* **Provided material**
====
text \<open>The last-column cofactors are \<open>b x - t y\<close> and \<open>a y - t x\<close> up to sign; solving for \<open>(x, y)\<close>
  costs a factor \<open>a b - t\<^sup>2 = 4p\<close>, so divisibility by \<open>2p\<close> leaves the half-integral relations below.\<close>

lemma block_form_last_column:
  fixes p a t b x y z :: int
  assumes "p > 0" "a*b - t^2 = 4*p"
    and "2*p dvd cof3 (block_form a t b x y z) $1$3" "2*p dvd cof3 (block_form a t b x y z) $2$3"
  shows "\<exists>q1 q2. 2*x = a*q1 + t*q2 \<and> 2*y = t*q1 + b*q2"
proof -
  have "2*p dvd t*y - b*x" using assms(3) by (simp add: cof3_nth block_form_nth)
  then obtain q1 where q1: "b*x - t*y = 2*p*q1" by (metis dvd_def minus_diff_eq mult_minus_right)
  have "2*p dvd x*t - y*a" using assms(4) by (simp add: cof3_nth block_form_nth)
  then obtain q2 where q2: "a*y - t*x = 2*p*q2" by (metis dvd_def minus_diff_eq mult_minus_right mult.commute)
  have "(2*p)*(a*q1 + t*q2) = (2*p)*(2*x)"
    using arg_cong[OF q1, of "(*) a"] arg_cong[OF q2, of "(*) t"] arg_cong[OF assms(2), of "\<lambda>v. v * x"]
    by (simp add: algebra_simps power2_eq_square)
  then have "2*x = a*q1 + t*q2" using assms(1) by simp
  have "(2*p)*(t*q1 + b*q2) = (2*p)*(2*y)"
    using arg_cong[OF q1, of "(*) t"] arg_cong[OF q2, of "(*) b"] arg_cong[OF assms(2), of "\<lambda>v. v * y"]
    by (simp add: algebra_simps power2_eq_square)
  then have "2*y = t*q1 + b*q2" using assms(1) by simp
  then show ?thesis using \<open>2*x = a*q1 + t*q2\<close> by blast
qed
====
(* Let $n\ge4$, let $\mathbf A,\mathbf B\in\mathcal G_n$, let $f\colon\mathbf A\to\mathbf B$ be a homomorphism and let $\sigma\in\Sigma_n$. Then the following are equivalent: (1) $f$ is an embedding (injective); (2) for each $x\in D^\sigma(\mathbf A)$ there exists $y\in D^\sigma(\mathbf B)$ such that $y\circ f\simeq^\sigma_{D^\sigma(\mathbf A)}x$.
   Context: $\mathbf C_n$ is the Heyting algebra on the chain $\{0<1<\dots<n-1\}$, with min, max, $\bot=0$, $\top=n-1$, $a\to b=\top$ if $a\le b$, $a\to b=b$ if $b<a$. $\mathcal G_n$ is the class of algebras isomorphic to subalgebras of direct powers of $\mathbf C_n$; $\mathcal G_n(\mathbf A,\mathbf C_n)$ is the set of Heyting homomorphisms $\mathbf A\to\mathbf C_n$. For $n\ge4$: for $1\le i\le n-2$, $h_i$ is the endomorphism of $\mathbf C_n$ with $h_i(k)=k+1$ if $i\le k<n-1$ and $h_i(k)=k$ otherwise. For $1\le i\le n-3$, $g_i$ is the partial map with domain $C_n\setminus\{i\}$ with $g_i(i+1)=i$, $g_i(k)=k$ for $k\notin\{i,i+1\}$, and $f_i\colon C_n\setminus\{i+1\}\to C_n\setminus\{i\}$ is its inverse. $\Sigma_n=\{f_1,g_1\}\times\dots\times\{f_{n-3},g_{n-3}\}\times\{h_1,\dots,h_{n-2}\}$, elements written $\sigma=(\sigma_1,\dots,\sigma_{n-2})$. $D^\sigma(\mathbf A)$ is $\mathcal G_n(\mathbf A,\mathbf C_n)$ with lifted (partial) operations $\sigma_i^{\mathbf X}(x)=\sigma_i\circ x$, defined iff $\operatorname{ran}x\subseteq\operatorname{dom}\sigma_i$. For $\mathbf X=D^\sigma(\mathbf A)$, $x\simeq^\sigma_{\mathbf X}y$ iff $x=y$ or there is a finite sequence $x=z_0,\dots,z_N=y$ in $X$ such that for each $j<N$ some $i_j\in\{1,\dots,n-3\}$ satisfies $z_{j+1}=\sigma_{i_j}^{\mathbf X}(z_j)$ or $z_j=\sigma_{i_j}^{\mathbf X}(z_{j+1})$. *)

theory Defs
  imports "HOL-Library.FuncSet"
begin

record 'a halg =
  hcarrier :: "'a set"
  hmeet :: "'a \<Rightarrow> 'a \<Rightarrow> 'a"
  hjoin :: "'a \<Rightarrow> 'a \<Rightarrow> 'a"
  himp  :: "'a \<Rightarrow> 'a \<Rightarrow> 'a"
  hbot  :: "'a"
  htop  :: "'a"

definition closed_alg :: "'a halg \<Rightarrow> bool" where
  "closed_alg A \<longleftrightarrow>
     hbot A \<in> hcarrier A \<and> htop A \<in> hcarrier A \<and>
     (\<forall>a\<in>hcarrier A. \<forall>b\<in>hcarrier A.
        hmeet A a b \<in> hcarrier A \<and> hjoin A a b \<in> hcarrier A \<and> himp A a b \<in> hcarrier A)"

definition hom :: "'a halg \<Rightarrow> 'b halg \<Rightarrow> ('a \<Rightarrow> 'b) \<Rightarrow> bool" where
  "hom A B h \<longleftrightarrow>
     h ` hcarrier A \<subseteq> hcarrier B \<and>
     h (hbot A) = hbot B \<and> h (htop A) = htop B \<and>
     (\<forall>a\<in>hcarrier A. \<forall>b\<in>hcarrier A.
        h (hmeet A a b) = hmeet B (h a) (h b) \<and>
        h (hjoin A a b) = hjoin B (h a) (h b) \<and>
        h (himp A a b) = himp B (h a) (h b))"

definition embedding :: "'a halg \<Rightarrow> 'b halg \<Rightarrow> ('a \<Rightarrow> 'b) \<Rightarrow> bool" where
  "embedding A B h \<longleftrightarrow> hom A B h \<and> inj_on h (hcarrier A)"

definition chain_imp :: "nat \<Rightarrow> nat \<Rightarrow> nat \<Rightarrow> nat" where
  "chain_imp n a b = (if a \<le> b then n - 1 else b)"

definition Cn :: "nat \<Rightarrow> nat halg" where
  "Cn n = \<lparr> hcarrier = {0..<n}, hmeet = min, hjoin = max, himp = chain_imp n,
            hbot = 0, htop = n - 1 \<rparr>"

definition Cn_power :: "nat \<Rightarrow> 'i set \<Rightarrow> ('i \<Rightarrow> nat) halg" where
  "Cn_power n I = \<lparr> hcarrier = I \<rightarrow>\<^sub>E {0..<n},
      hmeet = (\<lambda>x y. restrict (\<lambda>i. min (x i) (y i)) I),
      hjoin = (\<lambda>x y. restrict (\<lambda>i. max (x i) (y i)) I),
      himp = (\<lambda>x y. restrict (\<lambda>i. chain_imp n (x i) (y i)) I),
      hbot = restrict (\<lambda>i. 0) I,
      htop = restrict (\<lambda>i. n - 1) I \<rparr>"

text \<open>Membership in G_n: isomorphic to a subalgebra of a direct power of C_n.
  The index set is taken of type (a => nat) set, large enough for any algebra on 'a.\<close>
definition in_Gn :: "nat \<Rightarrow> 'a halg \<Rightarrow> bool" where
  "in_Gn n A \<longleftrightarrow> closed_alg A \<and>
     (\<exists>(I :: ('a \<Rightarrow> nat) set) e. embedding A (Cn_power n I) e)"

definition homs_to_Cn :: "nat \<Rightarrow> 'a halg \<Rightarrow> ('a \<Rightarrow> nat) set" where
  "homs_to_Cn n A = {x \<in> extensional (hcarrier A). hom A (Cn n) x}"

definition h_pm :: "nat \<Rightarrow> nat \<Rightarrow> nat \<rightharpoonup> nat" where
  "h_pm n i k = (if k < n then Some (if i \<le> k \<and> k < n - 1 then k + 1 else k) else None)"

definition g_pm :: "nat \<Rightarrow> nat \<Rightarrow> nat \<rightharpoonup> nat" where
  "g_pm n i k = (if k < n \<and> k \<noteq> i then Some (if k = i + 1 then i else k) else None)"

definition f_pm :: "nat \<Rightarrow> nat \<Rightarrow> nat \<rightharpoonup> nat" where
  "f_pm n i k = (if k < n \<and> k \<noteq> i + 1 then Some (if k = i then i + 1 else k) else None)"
====
* **Task**
Gather from the entries above all lines that include the string "longleftrightarrow".

* **Finished task**
  "closed_alg A \<longleftrightarrow>
  "hom A B h \<longleftrightarrow>
  "embedding A B h \<longleftrightarrow> hom A B h \<and> inj_on h (hcarrier A)"
  "in_Gn n A \<longleftrightarrow> closed_alg A \<and>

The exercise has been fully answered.